歴史の検証に耐えられるたたかいを ―杉下委員長があいさつ

 大会の開会にあたって杉下委員長は、情勢の特徴、課題と取り組みの重点についてあいさつしました。
 杉下委員長はまず、政治、経済など危機が進行していること、この危機を政府・財界は労働者・国民の犠牲によって乗り越えようとしており、「小泉内閣の『聖域なき構造改革』はその犠牲を避けがたいものにしている」と指摘。「政治の役割、政治の責任はどこにあるのか。政治の責任は、国民のどんな痛みにも心をくだき、それを取り除くことにある。小泉内閣の聖域なき構造改革は、労働者・国民の願いに逆行するものだ」ときびしく批判しました。
 その上に立って杉下委員長は、雇用・失業問題、社会保障改悪についてふれました。完全失業率が5%に達したこと、420万人が失業状態にあり、10人に1人が失業者という深刻な社会問題になっているにもかかわらず、小泉首相は「失業者が増えるのはやむ得ない」などと発言していることを批判し、「リストラ競争に拍車をかけているが、富の原動力である労働者をないがしろにするもので長続きしない。

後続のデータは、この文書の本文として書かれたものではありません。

lemma absolutely_continuous_on_mult:
  fixes u v :: "real \<Rightarrow> real"
  assumes u: "absolutely_continuous_on {a..b} u" and v: "absolutely_continuous_on {a..b} v"
  shows "absolutely_continuous_on {a..b} (\<lambda>t. u t * v t)"
proof -
  obtain Bu where Bu: "Bu \<ge> 0" "\<And>s. s \<in> {a..b} \<Longrightarrow> \<bar>u s\<bar> \<le> Bu"
    using absolutely_continuous_on_bounded[OF u] by auto
  obtain Bv where Bv: "Bv \<ge> 0" "\<And>s. s \<in> {a..b} \<Longrightarrow> \<bar>v s\<bar> \<le> Bv"
    using absolutely_continuous_on_bounded[OF v] by auto
  show ?thesis
  proof (rule absolutely_continuous_on_dominated2[OF u v, where K="Bu + Bv"])
    fix s t assume st: "s \<in> {a..b}" "t \<in> {a..b}"
    have "\<bar>u t * v t - u s * v s\<bar> = \<bar>u t * (v t - v s) + v s * (u t - u s)\<bar>"
      by (simp add: algebra_simps)
    also have "\<dots> \<le> \<bar>u t\<bar> * \<bar>v t - v s\<bar> + \<bar>v s\<bar> * \<bar>u t - u s\<bar>"
      by (simp add: abs_mult abs_triangle_ineq[THEN order_trans])
    also have "\<dots> \<le> Bu * \<bar>v t - v s\<bar> + Bv * \<bar>u t - u s\<bar>"
      using Bu(2)[OF st(2)] Bv(2)[OF st(1)] by (intro add_mono mult_right_mono) auto
    also have "\<dots> \<le> (Bu + Bv) * (\<bar>u t - u s\<bar> + \<bar>v t - v s\<bar>)"
      using Bu Bv by (simp add: algebra_simps)
    finally show "norm (u t * v t - u s * v s) \<le> (Bu + Bv) * (norm (u t - u s) + norm (v t - v s))"
      by simp
  qed (use Bu Bv in simp)
qed
lemma wt_append: "wt (u @ v) = wt u + wt v"
  by (simp add: wt_def)

lemma wt_replicate: "wt (replicate n b) = (if b then n else 0)"
  by (simp add: wt_def)

lemma wt_map: "wt (map P xs) = length (filter P xs)"
  by (induct xs) (auto simp: wt_def)

lemma wt_map_distinct: "distinct xs \<Longrightarrow> wt (map P xs) = card {x \<in> set xs. P x}"
  by (simp add: wt_map distinct_length_filter Int_def conj_commute)

lemma wt_eq_0_iff: "wt v = 0 \<longleftrightarrow> v = zero_vec (length v)"
  by (induct v) (auto simp: wt_def zero_vec_def)

lemma wt_vxor_eq_0_iff: "length u = length v \<Longrightarrow> wt (vxor u v) = 0 \<longleftrightarrow> u = v"
  by (auto simp: wt_eq_0_iff zero_vec_def list_eq_iff_nth_eq)

lemma wt_eq_card_supp: "wt v = card (supp v)"
  by (simp add: wt_def supp_def length_filter_conv_card)

lemma wt_eq_wt_add_wt_vxor:
  assumes "length u = length v" and "supp u \<subseteq> supp v"
  shows "wt v = wt u + wt (vxor u v)"
proof -
  have "supp (vxor u v) = supp v - supp u"
    using assms by (auto simp: supp_def)
  moreover have "finite (supp v)"
    by (simp add: supp_def)
  ultimately show ?thesis
    using assms(2) by (simp add: wt_eq_card_supp card_Diff_subset card_mono finite_subset)
qed

lemma finite_bool_lists: "finite {v :: bool list. length v = n}"
  using finite_lists_length_eq[of "UNIV :: bool set" n] by simp

lemma card_bool_lists: "card {v :: bool list. length v = n} = 2 ^ n"
  using card_lists_length_eq[of "UNIV :: bool set" n] by simp

lemma dot_Cons [simp]: "dot (a # u) (b # v) = ((a \<and> b) \<noteq> dot u v)"
  by (cases a; cases b) (simp_all add: dot_def)

lemma dot_Nil [simp]: "dot [] v = False"
  by (simp add: dot_def)

lemma dot_replicate_False: "dot u (replicate n False) = False"
proof -
  have "filter (\<lambda>(x, y). x \<and> y) (zip u (replicate n False)) = []"
    by (auto simp: filter_empty_conv set_zip)
  then show ?thesis
    by (simp add: dot_def)
qed

lemma dot_replicate_False_left: "dot (replicate n False) v = False"
proof -
  have "filter (\<lambda>(x, y). x \<and> y) (zip (replicate n False) v) = []"
    by (auto simp: filter_empty_conv set_zip)
  then show ?thesis
    by (simp add: dot_def)
qed

lemma dot_append_replicate_False:
  "length u = length c + h \<Longrightarrow> dot u (c @ replicate h False) = dot (take (length c) u) c"
proof (induction c arbitrary: u)
  case Nil
  then show ?case by (simp add: dot_replicate_False)
next
  case (Cons b c)
  then show ?case by (cases u) auto
qed

lemma card_bool_lists_Suc:
  "card {v :: bool list. length v = Suc n \<and> P v} =
    card {v. length v = n \<and> P (False # v)} + card {v. length v = n \<and> P (True # v)}"
proof -
  let ?A = "{v. length v = n \<and> P (False # v)}" and ?B = "{v. length v = n \<and> P (True # v)}"
  have split: "{v :: bool list. length v = Suc n \<and> P v} = Cons False ` ?A \<union> Cons True ` ?B"
  proof (rule set_eqI)
    fix v :: "bool list"
    show "v \<in> {v. length v = Suc n \<and> P v} \<longleftrightarrow> v \<in> Cons False ` ?A \<union> Cons True ` ?B"
    proof (cases v)
      case (Cons b w)
      then show ?thesis by (cases b) auto
    qed auto
  qed
  have "finite ?A" and "finite ?B"
    using finite_bool_lists[of n] by (auto elim: rev_finite_subset)
  then show ?thesis
    unfolding split by (subst card_Un_disjoint) (auto simp: card_image)
qed

lemma card_bool_lists_not:
  "card {v :: bool list. length v = n \<and> \<not> P v} = 2 ^ n - card {v. length v = n \<and> P v}"
proof -
  have "{v :: bool list. length v = n \<and> \<not> P v} = {v. length v = n} - {v. length v = n \<and> P v}"
    by auto
  then show ?thesis
    using rev_finite_subset[OF finite_bool_lists[of n]]
    by (simp add: card_Diff_subset card_bool_lists subset_iff)
qed

lemma card_dot_eq:
  "length u = n \<Longrightarrow>
    card {v. length v = n \<and> dot u v} = (if u = replicate n False then 0 else 2 ^ (n - 1))"
proof (induction u arbitrary: n)
  case Nil
  then show ?case by simp
next
  case (Cons a u)
  then obtain n' where n: "n = Suc n'" and "length u = n'"
    by auto
  with Cons.IH have IH: "card {v. length v = n' \<and> dot u v} = (if u = replicate n' False then 0 else 2 ^ (n' - 1))"
    by simp
  have "card {v. length v = n' \<and> \<not> dot u v} = 2 ^ n' - card {v. length v = n' \<and> dot u v}"
    by (rule card_bool_lists_not)
  moreover have "2 ^ (n' - 1) \<le> (2::nat) ^ n'" and "n' \<noteq> 0 \<Longrightarrow> 2 ^ (n' - 1) + 2 ^ (n' - 1) = (2::nat) ^ n'"
    by (simp_all add: power_eq_if)
  moreover have "u \<noteq> replicate n' False \<Longrightarrow> n' \<noteq> 0"
    using \<open>length u = n'\<close> by auto
  ultimately show ?case
    unfolding n card_bool_lists_Suc using IH by (cases a) auto
qed

section \<open>Linear combinations and generated codes\<close>

lemma lincomb_Nil: "lincomb n [] cs = zero_vec n"
  by (simp add: lincomb_def)

lemma lincomb_Nil_coeffs: "lincomb n rows [] = zero_vec n"
  by (simp add: lincomb_def)

lemma lincomb_Cons:
  "lincomb n (r # rows) (c # cs) = (if c then vxor r (lincomb n rows cs) else lincomb n rows cs)"
  by (simp add: lincomb_def)

lemma length_lincomb: "\<forall>r\<in>set rows. length r = n \<Longrightarrow> length (lincomb n rows cs) = n"
proof (induction rows arbitrary: cs)
  case Nil
  then show ?case by (simp add: lincomb_Nil)
next
  case (Cons r rows)
  then show ?case by (cases cs) (auto simp: lincomb_Nil_coeffs lincomb_Cons)
qed

lemma lincomb_replicate_False: "lincomb n rows (replicate k False) = zero_vec n"
proof (induction rows arbitrary: k)
  case Nil
  then show ?case by (simp add: lincomb_Nil)
next
  case (Cons r rows)
  then show ?case by (cases k) (auto simp: lincomb_Nil_coeffs lincomb_Cons)
qed

lemma vxor_lincomb:
  assumes "\<forall>r\<in>set rows. length r = n" and "length cs = length rows" and "length ds = length rows"
  shows "vxor (lincomb n rows cs) (lincomb n rows ds) = lincomb n rows (map2 (\<noteq>) cs ds)"
  using assms
proof (induction rows arbitrary: cs ds)
  case Nil
  then show ?case by (simp add: lincomb_Nil vxor_zero_vec_right)
next
  case (Cons r rows)
  then obtain c cs' d ds' where cs: "cs = c # cs'" and ds: "ds = d # ds'"
    and "length cs' = length rows" and "length ds' = length rows"
    by (auto simp: length_Suc_conv)
  with Cons have IH: "vxor (lincomb n rows cs') (lincomb n rows ds') = lincomb n rows (map2 (\<noteq>) cs' ds')"
    by simp
  have lengths: "length r = n" "length (lincomb n rows cs') = n" "length (lincomb n rows ds') = n"
    using Cons.prems(1) by (simp_all add: length_lincomb)
  have "lincomb n (r # rows) (map2 (\<noteq>) cs ds) =
      (if c \<noteq> d then vxor r (vxor (lincomb n rows cs') (lincomb n rows ds'))
       else vxor (lincomb n rows cs') (lincomb n rows ds'))"
    unfolding cs ds IH by (simp add: lincomb_Cons)
  then show ?case
    unfolding cs ds lincomb_Cons using lengths by (cases c; cases d) (auto simp: list_eq_iff_nth_eq)
qed

lemma lincomb_unit:
  assumes "\<forall>r\<in>set rows. length r = n" and "i < length rows"
  shows "lincomb n rows ((replicate (length rows) False)[i := True]) = rows ! i"
  using assms
proof (induction rows arbitrary: i)
  case Nil
  then show ?case by simp
next
  case (Cons r rows)
  then show ?case
    by (cases i) (auto simp: lincomb_Cons lincomb_replicate_False vxor_zero_vec_right)
qed

lemma lin_code_gen_code:
  assumes "\<forall>r\<in>set rows. length r = n"
  shows "lin_code n (gen_code n rows)"
  unfolding lin_code_def
proof (intro conjI ballI)
  show "length c = n" if "c \<in> gen_code n rows" for c
    using that assms by (auto simp: gen_code_def length_lincomb)
  show "zero_vec n \<in> gen_code n rows"
    unfolding gen_code_def
    by (auto intro!: exI[of _ "replicate (length rows) False"] simp: lincomb_replicate_False)
  show "vxor u v \<in> gen_code n rows" if "u \<in> gen_code n rows" and "v \<in> gen_code n rows" for u v
    using that vxor_lincomb[OF assms] unfolding gen_code_def by fastforce
qed

lemma finite_gen_code: "finite (gen_code n rows)"
  unfolding gen_code_def using finite_bool_lists by simp

lemma inj_on_lincomb:
  assumes "card (gen_code n rows) = 2 ^ length rows"
  shows "inj_on (lincomb n rows) {cs. length cs = length rows}"
proof (rule eq_card_imp_inj_on)
  show "card (lincomb n rows ` {cs. length cs = length rows}) = card {cs :: bool list. length cs = length rows}"
    using assms unfolding gen_code_def card_bool_lists by (simp add: setcompr_eq_image)
qed (rule finite_bool_lists)

lemma finite_nonzero_weights: "finite C \<Longrightarrow> finite (nonzero_weights C)"
  unfolding nonzero_weights_def by simp

lemma wt_in_nonzero_weights: "c \<in> C \<Longrightarrow> wt c \<noteq> 0 \<Longrightarrow> wt c \<in> nonzero_weights C"
  unfolding nonzero_weights_def by blast

lemma min_wt_le_wt: "finite C \<Longrightarrow> c \<in> C \<Longrightarrow> wt c \<noteq> 0 \<Longrightarrow> min_wt C \<le> wt c"
  unfolding min_wt_def by (simp add: finite_nonzero_weights wt_in_nonzero_weights)

lemma wt_le_max_wt: "finite C \<Longrightarrow> c \<in> C \<Longrightarrow> wt c \<le> max_wt C"
  unfolding max_wt_def
  by (cases "wt c = 0") (simp_all add: finite_nonzero_weights wt_in_nonzero_weights)

lemma min_wt_pos: "finite C \<Longrightarrow> nonzero_weights C \<noteq> {} \<Longrightarrow> 0 < min_wt C"
  unfolding min_wt_def
  using Min_in[OF finite_nonzero_weights] by (fastforce simp: nonzero_weights_def)

lemma min_wt_eqI:
  assumes "finite C" and "c \<in> C" and "wt c = w" and "w \<noteq> 0"
    and "\<And>c. c \<in> C \<Longrightarrow> wt c \<noteq> 0 \<Longrightarrow> w \<le> wt c"
  shows "min_wt C = w"
  unfolding min_wt_def
  using assms by (intro Min_eqI) (auto simp: finite_nonzero_weights nonzero_weights_def)

lemma max_wt_eqI:
  assumes "finite C" and "c \<in> C" and "wt c = w" and "w \<noteq> 0"
    and "\<And>c. c \<in> C \<Longrightarrow> wt c \<le> w"
  shows "max_wt C = w"
  unfolding max_wt_def
  using assms by (intro Max_eqI) (auto simp: finite_nonzero_weights nonzero_weights_def)

(* If supp a is strictly inside supp b, then wt b = wt a + wt (a + b), and for each of the three
  possible leading bits of a, b, a + b this sum overshoots the band of b because W < 2 w. *)
lemma minimal_code_if_weight_bands:
  assumes lin: "lin_code n C" and "0 < n" and "W < 2 * w"
    and bands: "\<And>c. c \<in> C \<Longrightarrow> wt c \<noteq> 0 \<Longrightarrow>
      w + (if c ! 0 then k else 0) \<le> wt c \<and> wt c \<le> W + (if c ! 0 then k else 0)"
  shows "minimal_code C"
  unfolding minimal_code_def
proof (intro ballI impI)
  fix a b assume a: "a \<in> C" and b: "b \<in> C" and "wt a \<noteq> 0" and "wt b \<noteq> 0"
    and sub: "supp a \<subseteq> supp b"
  show "a = b"
  proof (rule ccontr)
    assume "a \<noteq> b"
    have len: "length a = n" "length b = n"
      using lin a b by (auto simp: lin_code_def)
    have "vxor a b \<in> C"
      using lin a b by (auto simp: lin_code_def)
    moreover have "wt (vxor a b) \<noteq> 0"
      using \<open>a \<noteq> b\<close> len by (simp add: wt_vxor_eq_0_iff)
    ultimately have band_ab: "w + (if vxor a b ! 0 then k else 0) \<le> wt (vxor a b)"
      by (rule conjunct1[OF bands])
    have "wt b = wt a + wt (vxor a b)"
      using len sub by (intro wt_eq_wt_add_wt_vxor) simp_all
    moreover have "vxor a b ! 0 = (a ! 0 \<noteq> b ! 0)"
      using len \<open>0 < n\<close> by simp
    moreover have "a ! 0 \<longrightarrow> b ! 0"
      using len sub \<open>0 < n\<close> by (auto simp: supp_def)
    ultimately show False
      using bands[OF a \<open>wt a \<noteq> 0\<close>] bands[OF b \<open>wt b \<noteq> 0\<close>] band_ab \<open>W < 2 * w\<close>
      by (cases "a ! 0"; cases "b ! 0"; simp; linarith)
  qed
qed

section \<open>The extension construction\<close>

lemma lincomb_zero_prefixed:
  assumes "\<forall>r\<in>set rows. length r = N"
  shows "lincomb (n + N) (map ((@) (replicate n False)) rows) cs = replicate n False @ lincomb N rows cs"
  using assms
proof (induction rows arbitrary: cs)
  case Nil
  then show ?case by (simp add: lincomb_Nil zero_vec_def replicate_add)
next
  case (Cons r rows)
  then show ?case
    by (cases cs) (auto simp: lincomb_Cons lincomb_Nil_coeffs zero_vec_def replicate_add
        vxor_append vxor_replicate)
qed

民間の失業問題は他人事ではない。公務労働者自らの問題として全力で取り組みたい」と決意を表明しました。また、社会保障への攻撃に対しても「国民と連帯してたたかうことが重要だ」と強調しました。
 次ぎに委員長は、働くルールの確立、公務員制度改悪とのたたかいについてふれ、「歴史の検証に耐えられるたたかいをしよう」とよびかけ、「この狙いと本質は国民と労働者に痛みを強いる政治と一体ですすめられている。物言わぬ反動行政の推進者に仕立てようとしている。行政サービスの低下、労働組合の弱体化を狙うものだ。こうした狙いを受け止め全力で奮闘しよう」と強調しました。
 最後に、杉下委員長は「情勢はきびしいが団結して、厚生労働行政の国民本位への転換に向けて全力でたたかおう」とよびかけ、あいさつを結びました。 


大会宣言(要旨)

 全厚生女性部規約第4条の規定に基づき、全厚生女性部第6回総会を下記の通り招集いたします。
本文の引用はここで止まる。